Due to these reasons, people say many rude and hurtful things to those who are grieving. Although their intention is to make the person feel better, they can cause more pain. In fact, sometimes they feel like a sock in the gut. 

Unfortunately, I got a sock in the gut this week. My dog, Dozer, quite suddenly lost his ability to walk this past weekend, most likely due to a brain tumor and we had to put him to sleep. On a walk with our younger dog, a neighbor asked where Dozer was and when we told him, he said “Well, life goes on. At least you have your other dog.” My mom said, “Well, at least you had 6 years with him.” 

I hear variations of these from almost everyone who comes into the Grief Center, no matter what type of loss they have had.

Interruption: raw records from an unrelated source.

lemma sum_nth_if_length_filter:
  "(\<Sum>j<length ks. if P (ks ! j) then x else y)
     = of_nat (length (filter P ks)) * x
       + of_nat (length ks - length (filter P ks)) * (y :: 'a :: comm_semiring_1)"
proof (induction ks)
  case Nil then show ?case by simp
next
  case (Cons k ks)
  have "length (filter P ks) \<le> length ks" by simp
  then show ?case
    using Cons by (simp add: sum.lessThan_Suc_shift del: sum.lessThan_Suc)
      (auto simp: algebra_simps Suc_diff_le)
qed

lemma prod_nth_indicator:
  "(\<Prod>i<length ks. if P (ks ! i) then 1 else 0 :: 'a :: comm_semiring_1)
     = (if length (filter P ks) = length ks then 1 else 0)"
proof (induction ks)
  case (Cons k ks)
  have "length (filter P ks) \<noteq> Suc (length ks)"
    using length_filter_le[of P ks] by linarith
  with Cons show ?case
    by (simp add: prod.lessThan_Suc_shift del: prod.lessThan_Suc)
qed simp

lemma tspan_sum:
  assumes "finite A" and "\<And>i. i \<in> A \<Longrightarrow> f i \<in> tspan I m W"
  shows "(\<lambda>ks. \<Sum>i\<in>A. x i * f i ks) \<in> tspan I m W"
proof -
  have "\<forall>i\<in>A. \<exists>c. \<forall>ks\<in>tdom I m. f i ks = (\<Sum>w\<in>W. c w * w ks)"
    using assms(2) by (simp add: tspan_def)
  then obtain c where c: "\<forall>i\<in>A. \<forall>ks\<in>tdom I m. f i ks = (\<Sum>w\<in>W. c i w * w ks)"
    by metis
  have "(\<Sum>i\<in>A. x i * f i ks) = (\<Sum>w\<in>W. (\<Sum>i\<in>A. x i * c i w) * w ks)" if "ks \<in> tdom I m" for ks
  proof -
    have "(\<Sum>i\<in>A. x i * f i ks) = (\<Sum>i\<in>A. x i * (\<Sum>w\<in>W. c i w * w ks))"
      using that c by (intro sum.cong) auto
    also have "\<dots> = (\<Sum>w\<in>W. (\<Sum>i\<in>A. x i * c i w) * w ks)"
      by (simp add: sum_distrib_left sum_distrib_right sum.swap[of _ W] mult.assoc)
    finally show ?thesis .
  qed
  then show ?thesis
    unfolding tspan_def by (intro CollectI exI[of _ "\<lambda>w. \<Sum>i\<in>A. x i * c i w"]) blast
qed

lemma tspan_divide: "f \<in> tspan I m W \<Longrightarrow> (\<lambda>ks. f ks / x) \<in> tspan I m W"
proof -
  assume "f \<in> tspan I m W"
  then obtain c where "\<forall>ks\<in>tdom I m. f ks = (\<Sum>w\<in>W. c w * w ks)"
    unfolding tspan_def by blast
  then show ?thesis
    unfolding tspan_def by (intro CollectI exI[of _ "\<lambda>w. c w / x"]) (simp add: sum_divide_distrib)
qed

lemma tspan_subset: "J \<subseteq> I \<Longrightarrow> f \<in> tspan I m W \<Longrightarrow> f \<in> tspan J m W"
  unfolding tspan_def tdom_def by blast

lemma tmod_self: "C \<in> tmod I d C W"
  unfolding tmod_def tspan_def
  by (intro CollectI exI[of _ "\<lambda>_ _ _. 0"]) (auto intro: exI[of _ "\<lambda>_. 0"])

lemma tmod_restrict:
  assumes T: "T \<in> tmod I d C W" and "J \<subseteq> I" and C: "\<forall>ks\<in>tdom J d. C ks = C' ks"
  shows "T \<in> tmod J d C' W"
proof -
  obtain M where M: "\<forall>j<d. \<forall>k\<in>I. M j k \<in> tspan I (d - 1) W"
    and T_eq: "\<forall>ks\<in>tdom I d. T ks = C ks + (\<Sum>j<d. M j (ks ! j) (take j ks @ drop (Suc j) ks))"
    using T unfolding tmod_def by blast
  have "tdom J d \<subseteq> tdom I d"
    using \<open>J \<subseteq> I\<close> by (auto simp: tdom_def)
  then show ?thesis
    unfolding tmod_def using M T_eq C \<open>J \<subseteq> I\<close> tspan_subset
    by (intro CollectI exI[of _ M] conjI) (metis subsetD)+
qed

  • At least you have other children.
  • At least you had him/her for a long time.
  • Life goes on.
  • At least your loved one is out of pain.
  • You are still young enough to….(get married again, have other children, etc.)
  • Just get another dog, cat, pet.

 And unfortunately, there are a million more. Sometimes the best thing to do is take a deep breath, walk away and know that the person was trying to say or do something to make you feel better. And then you let the comment wash over you like water off a duck’s back and move on knowing that they do not know what they are talking about. Someday they will, and they will do better in that moment. Until then, they may not be the support person you need in your corner—but there are a lot out there who can be in your corner, and there is always the Grief Center in your corner!